During this time, the team understood that the plume created by the shape of the exhaust, itself imposed by the new regulations, had a harmful effect. In order to soften a damaging vortex that formed, he worked on using a Helmholtz resonance chamber – a noise control device that absorbs any excess energy – to minimize the amount of drone inside . In doing so, Red Bull has successfully dampened the exhaust primarily to create a more uniform distribution of exhaust gases.

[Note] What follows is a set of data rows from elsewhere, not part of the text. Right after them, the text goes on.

(* As $2$-cochains on $PSL(2,\mathbb{Z})$, $\delta\Phi=-12\,\delta(rot)$; that is, for all $g_1,g_2\in PSL(2,\mathbb{Z})$ and any lifts $\tilde g_1,\tilde g_2\in B_3$, $$\Phi(g_1)+\Phi(g_2)-\Phi(g_1g_2)=-12\big(rot(\tilde g_1)+rot(\tilde g_2)-rot(\tilde g_1\tilde g_2)\big).$$
   Context: $B_3$ is the braid group with standard generators $\sigma_1,\sigma_2$, mapped onto $PSL(2,\mathbb{Z})$ by $\sigma_1\mapsto \pm\begin{pmatrix}1&0\\-1&1\end{pmatrix}$, $\sigma_2\mapsto \pm\begin{pmatrix}1&1\\0&1\end{pmatrix}$ (kernel generated by $(\sigma_1\sigma_2\sigma_1)^2$); $\bar\sigma$ denotes the image. Rademacher function: with $A=\pm\begin{pmatrix}0&1\\-1&0\end{pmatrix}$, $B=\pm\begin{pmatrix}1&-1\\1&0\end{pmatrix}$, $PSL(2,\mathbb{Z})=\langle A\rangle *\langle B\rangle\cong\mathbb{Z}/2*\mathbb{Z}/3$, every $g$ is uniquely $B^{r_1}AB^{r_2}A\cdots AB^{r_k}$ with $r_1,r_k\in\{-1,0,1\}$ and $r_i\in\{-1,1\}$ otherwise; $\Phi(g)=\sum_i r_i$. Rotation number on $B_3$: for $g=\pm\begin{pmatrix}\alpha&\beta\\ \gamma&\delta\end{pmatrix}$ put $a=\gamma/\alpha$, $b=\delta/\beta\in\mathbb{Q}\cup\{\infty\}$ ($\infty$ read as $\pm\infty$ as needed). For $g=\bar\sigma$ one of the following holds, and $\sigma$ is written uniquely as $(\sigma_1\sigma_2\sigma_1)^k w$ accordingly: (1) $0\le a<b\le+\infty$: $k$ even, $w$ a word in $\sigma_1^{-1},\sigma_2$ only; (2) $-\infty\le a<b\le 0$: $k$ odd, $w$ a word in $\sigma_1^{-1},\sigma_2$; (3) $0\le b<a\le+\infty$: $k$ odd, $w$ a word in $\sigma_1,\sigma_2^{-1}$; (4) $-\infty\le b<a\le 0$: $k$ even, $w$ a word in $\sigma_1,\sigma_2^{-1}$. Then $rot(\sigma)=k/4$. The expression $rot(\tilde g_1)+rot(\tilde g_2)-rot(\tilde g_1\tilde g_2)$ does not depend on the choice of lifts. *)

theory Defs
  imports Complex_Main "HOL-Library.Extended_Real"
begin

text \<open>A matrix (alpha, beta, gamma, delta) stands for [[alpha, beta],[gamma, delta]].\<close>
type_synonym mat2 = "int \<times> int \<times> int \<times> int"

fun mmul :: "mat2 \<Rightarrow> mat2 \<Rightarrow> mat2" where
  "mmul (a, b, c, d) (a', b', c', d') =
     (a * a' + b * c', a * b' + b * d', c * a' + d * c', c * b' + d * d')"

definition mid :: mat2 where "mid = (1, 0, 0, 1)"

fun mneg :: "mat2 \<Rightarrow> mat2" where
  "mneg (a, b, c, d) = (-a, -b, -c, -d)"

fun mdet :: "mat2 \<Rightarrow> int" where
  "mdet (a, b, c, d) = a * d - b * c"

text \<open>Equality in PSL(2,Z): equality up to sign.\<close>
definition pm_eq :: "mat2 \<Rightarrow> mat2 \<Rightarrow> bool" where
  "pm_eq M N \<longleftrightarrow> M = N \<or> M = mneg N"

text \<open>Letters: 1 = sigma_1, -1 = sigma_1^{-1}, 2 = sigma_2, -2 = sigma_2^{-1}.\<close>
definition braid_word :: "int list \<Rightarrow> bool" where
  "braid_word w \<longleftrightarrow> set w \<subseteq> {1, -1, 2, -2}"

inductive braid_basic :: "int list \<Rightarrow> int list \<Rightarrow> bool" where
  cancel1: "i \<in> {1, -1, 2, -2} \<Longrightarrow> braid_basic [i, -i] []"
| braid: "braid_basic [1, 2, 1] [2, 1, 2]"

text \<open>Equality in B_3: the congruence generated by free cancellation and the braid relation.\<close>
inductive braid_eq :: "int list \<Rightarrow> int list \<Rightarrow> bool" where
  refl: "braid_eq w w"
| step: "braid_basic x y \<Longrightarrow> braid_eq (u @ x @ v) (u @ y @ v)"
| sym: "braid_eq w w' \<Longrightarrow> braid_eq w' w"
| trans: "braid_eq w w' \<Longrightarrow> braid_eq w' w'' \<Longrightarrow> braid_eq w w''"

definition delta_pow :: "int \<Rightarrow> int list" where
  "delta_pow k = (if k \<ge> 0 then concat (replicate (nat k) [1, 2, 1])
                  else concat (replicate (nat (-k)) [-1, -2, -1]))"

text \<open>Image of a letter in SL(2,Z) (lifting the map B_3 -> PSL(2,Z)).\<close>
fun letter_mat :: "int \<Rightarrow> mat2" where
  "letter_mat i =
    (if i = 1 then (1, 0, -1, 1) else if i = -1 then (1, 0, 1, 1)
     else if i = 2 then (1, 1, 0, 1) else if i = -2 then (1, -1, 0, 1) else mid)"

definition braid_img :: "int list \<Rightarrow> mat2" where
  "braid_img w = foldr (\<lambda>i M. mmul (letter_mat i) M) w mid"

definition matA :: mat2 where "matA = (0, 1, -1, 0)"
definition matB :: mat2 where "matB = (1, -1, 1, 0)"
definition matBinv :: mat2 where "matBinv = (0, 1, -1, 1)"

definition Bpow :: "int \<Rightarrow> mat2" where
  "Bpow r = (if r \<ge> 0 then (mmul matB ^^ nat r) mid else (mmul matBinv ^^ nat (-r)) mid)"

fun rad_word :: "int list \<Rightarrow> mat2" where
  "rad_word [] = mid"
| "rad_word [r] = Bpow r"
| "rad_word (r # rs) = mmul (Bpow r) (mmul matA (rad_word rs))"

definition rad_valid :: "int list \<Rightarrow> bool" where
  "rad_valid rs \<longleftrightarrow> rs \<noteq> [] \<and> hd rs \<in> {-1, 0, 1} \<and> last rs \<in> {-1, 0, 1}
     \<and> (\<forall>i. 0 < i \<and> i < length rs - 1 \<longrightarrow> rs ! i \<in> {-1, 1})"

definition Rademacher :: "mat2 \<Rightarrow> int" where
  "Rademacher g = (THE s. \<exists>rs. rad_valid rs \<and> pm_eq (rad_word rs) g \<and> s = sum_list rs)"

text \<open>The possible values of p/q in Q \<union> {\<infinity>}, where \<infinity> may be read as +\<infinity> or -\<infinity>.\<close>
definition qvals :: "int \<Rightarrow> int \<Rightarrow> ereal set" where
  "qvals p q = (if q \<noteq> 0 then {ereal (real_of_int p / real_of_int q)} else {\<infinity>, -\<infinity>})"

fun rot_case :: "nat \<Rightarrow> mat2 \<Rightarrow> bool" where
  "rot_case n (\<alpha>, \<beta>, \<gamma>, \<delta>) =
     (\<exists>a \<in> qvals \<gamma> \<alpha>. \<exists>b \<in> qvals \<delta> \<beta>.
        (n = 1 \<and> 0 \<le> a \<and> a < b \<and> b \<le> \<infinity>) \<or>
        (n = 2 \<and> -\<infinity> \<le> a \<and> a < b \<and> b \<le> 0) \<or>
        (n = 3 \<and> 0 \<le> b \<and> b < a \<and> a \<le> \<infinity>) \<or>
        (n = 4 \<and> -\<infinity> \<le> b \<and> b < a \<and> a \<le> 0))"

definition rot :: "int list \<Rightarrow> real" where
  "rot \<sigma> = real_of_int (THE k. \<exists>w. braid_eq \<sigma> (delta_pow k @ w) \<and>
      ((rot_case 1 (braid_img \<sigma>) \<and> even k \<and> set w \<subseteq> {-1, 2}) \<or>
       (rot_case 2 (braid_img \<sigma>) \<and> odd k \<and> set w \<subseteq> {-1, 2}) \<or>
       (rot_case 3 (braid_img \<sigma>) \<and> odd k \<and> set w \<subseteq> {1, -2}) \<or>
       (rot_case 4 (braid_img \<sigma>) \<and> even k \<and> set w \<subseteq> {1, -2}))) / 4"

end

theory Submission
  imports Defs
begin

(*
  Every 3-braid equals \<Delta>\<^sup>k w with \<Delta> = \<sigma>\<^sub>1\<sigma>\<^sub>2\<sigma>\<^sub>1 and w a word either in \<sigma>\<^sub>1\<^sup>-\<^sup>1, \<sigma>\<^sub>2
  or in \<sigma>\<^sub>1, \<sigma>\<^sub>2\<^sup>-\<^sup>1: two adjacent letters of different kinds either cancel or combine into
  \<Delta> or \<Delta>\<^sup>-\<^sup>1 next to a single letter, and \<Delta> moves to the front because conjugation by \<Delta>
  swaps \<sigma>\<^sub>1 and \<sigma>\<^sub>2. Up to sign, \<Delta> maps to A, the letters \<sigma>\<^sub>2, \<sigma>\<^sub>1\<^sup>-\<^sup>1 map to B A,
  B\<^sup>-\<^sup>1 A and the letters \<sigma>\<^sub>1, \<sigma>\<^sub>2\<^sup>-\<^sup>1 to A B, A B\<^sup>-\<^sup>1. Hence the Rademacher normal form of
  the image of \<Delta>\<^sup>k w can be written down letter by letter, and \<Phi> of it is the exponent
  sum e(w). As e(\<Delta>\<^sup>k w) = 3k + e(w) and rot = k/4, this gives \<Phi>(\<sigma>) = e(\<sigma>) - 12 rot(\<sigma>);
  the exponent sum is a homomorphism, so its coboundary vanishes.

  \<Phi> and rot are both definite descriptions. \<Phi> is well defined because the nonnegative
  matrices in SL(2,\<int>) form a free monoid on (1,0,1,1) and (1,1,0,1); then the k in the
  definition of rot is unique because 3k = e(\<sigma>) - \<Phi>(\<sigma>).
*)

(* The letters of w in cases (1), (2) resp. (3), (4) of the definition of rot; the images of
   pos_letters are nonnegative matrices. *)
abbreviation letters :: "int set" where "letters \<equiv> {1, -1, 2, -2}"

abbreviation pos_letters :: "int set" where "pos_letters \<equiv> {-1, 2}"

abbreviation neg_letters :: "int set" where "neg_letters \<equiv> {1, -2}"

definition one_signed :: "int list \<Rightarrow> bool" where
  "one_signed w \<longleftrightarrow> set w \<subseteq> pos_letters \<or> set w \<subseteq> neg_letters"

lemma braid_eq_trans [trans]: "braid_eq u v \<Longrightarrow> braid_eq v w \<Longrightarrow> braid_eq u w"
  by (rule braid_eq.trans)

lemma braid_eq_context: "braid_eq u v \<Longrightarrow> braid_eq (p @ u @ q) (p @ v @ q)"
proof (induction rule: braid_eq.induct)
  case (step x y u v)
  from braid_eq.step[OF step, of "p @ u" "v @ q"] show ?case by simp
qed (auto intro: braid_eq.intros)

lemma braid_eq_append: "braid_eq u u' \<Longrightarrow> braid_eq v v' \<Longrightarrow> braid_eq (u @ v) (u' @ v')"
  using braid_eq_context[of u u' "[]" v] braid_eq_context[of v v' u' "[]"]
  by (auto intro: braid_eq.trans)

lemma braid_eq_cancel: "i \<in> letters \<Longrightarrow> braid_eq (u @ [i, -i] @ v) (u @ v)"
  using braid_eq.step[OF braid_basic.cancel1] by fastforce

lemma braid_eq_insert_cancel: "i \<in> letters \<Longrightarrow> braid_eq (u @ v) (u @ [i, -i] @ v)"
  by (rule braid_eq.sym, rule braid_eq_cancel)

lemma braid_eq_delta_inverse:
  "braid_eq (delta_pow 1 @ delta_pow (-1)) []" "braid_eq (delta_pow (-1) @ delta_pow 1) []"
proof -
  have "braid_eq [1,2,1,-1,-2,-1] [1,2,-2,-1]"
    using braid_eq_cancel[of 1 "[1,2]" "[-2,-1]"] by simp
  also have "braid_eq [1,2,-2,-1] [1,-1]"
    using braid_eq_cancel[of 2 "[1]" "[-1]"] by simp
  also have "braid_eq [1,-1] []"
    using braid_eq_cancel[of 1 "[]" "[]"] by simp
  finally show "braid_eq (delta_pow 1 @ delta_pow (-1)) []" by (simp add: delta_pow_def)
  have "braid_eq [-1,-2,-1,1,2,1] [-1,-2,2,1]"
    using braid_eq_cancel[of "-1" "[-1,-2]" "[2,1]"] by simp
  also have "braid_eq [-1,-2,2,1] [-1,1]"
    using braid_eq_cancel[of "-2" "[-1]" "[1]"] by simp
  also have "braid_eq [-1,1] []"
    using braid_eq_cancel[of "-1" "[]" "[]"] by simp
  finally show "braid_eq (delta_pow (-1) @ delta_pow 1) []" by (simp add: delta_pow_def)
qed

lemma braid_eq_move_inverses:
  assumes "braid_eq (a @ x) (y @ b)" "braid_eq (a' @ a) []" "braid_eq (b @ b') []"
  shows "braid_eq (x @ b') (a' @ y)"
proof -
  have "braid_eq (x @ b') ((a' @ a) @ x @ b')"
    using braid_eq_append[OF braid_eq.sym[OF assms(2)] braid_eq.refl] by simp
  also have "braid_eq ((a' @ a) @ x @ b') (a' @ (y @ b) @ b')"
    using braid_eq_context[OF assms(1), of a' b'] by simp
  also have "braid_eq (a' @ (y @ b) @ b') (a' @ y)"
    using braid_eq_context[OF assms(3), of "a' @ y" "[]"] by simp
  finally show ?thesis .
qed

lemma concat_replicate_append_same: "concat (replicate n xs) @ xs = xs @ concat (replicate n xs)"
  by (induction n) auto

lemma delta_pow_add_one: "0 \<le> k \<Longrightarrow> delta_pow (k + 1) = delta_pow k @ delta_pow 1"
  by (simp add: delta_pow_def nat_add_distrib concat_replicate_append_same)

lemma delta_pow_diff_one: "k \<le> 0 \<Longrightarrow> delta_pow (k - 1) = delta_pow k @ delta_pow (-1)"
proof -
  assume "k \<le> 0"
  then have "nat (1 - k) = Suc (nat (- k))" by simp
  with \<open>k \<le> 0\<close> show ?thesis by (simp add: delta_pow_def concat_replicate_append_same)
qed

lemma delta_pow_append_unit:
  assumes "e \<in> {-1, 1}"
  shows "braid_eq (delta_pow k @ delta_pow e) (delta_pow (k + e))"
proof (cases "e = 1")
  case True
  show ?thesis
  proof (cases "0 \<le> k")
    case False
    then have "delta_pow k = delta_pow (k + 1) @ delta_pow (-1)"
      using delta_pow_diff_one[of "k + 1"] by simp
    then show ?thesis
      using True braid_eq_context[OF braid_eq_delta_inverse(2), of "delta_pow (k + 1)" "[]"] by simp
  qed (simp add: True delta_pow_add_one braid_eq.refl)
next
  case False
  with assms have e: "e = -1" by simp
  show ?thesis
  proof (cases "k \<le> 0")
    case False
    then have "delta_pow k = delta_pow (k - 1) @ delta_pow 1"
      using delta_pow_add_one[of "k - 1"] by simp
    then show ?thesis
      using e braid_eq_context[OF braid_eq_delta_inverse(1), of "delta_pow (k - 1)" "[]"] by simp
  qed (simp add: e delta_pow_diff_one braid_eq.refl)
qed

The amount of work Red Bull did in 2012 to make its solutions work was monumental, but that doesn’t mean that others on the grid were resting on their laurels either.

Sauber, who did not have the luxury of being able to bring new parts to each race and had started with the ramp solution, had a brief allusion to the crossover solution before realizing the level of development that would be necessary to do so function. As such, he rather switched to a Coanda McLaren-style solution during the season.

Ferrari has remained an outlier throughout, preferring to try to modify its “ Acer ” cladding solution on an ad hoc basis while it has found the best way to maximize the Coanda solution that it finally introduced.

The FIA ​​has let the use of these Coanda style exhausts slip for 2013 knowing the financial burden that the teams had to bear to develop them. He was fully aware that with the new hybrid rules coming into play for 2014, the possibility of blowing the diffuser with the exhaust would no longer be viable.

Thus, although it was never specifically prohibited by a new target rule, the regulation was modified to take it into account. With the exhaust coming out along the center line of the car, the days of blown floors were over.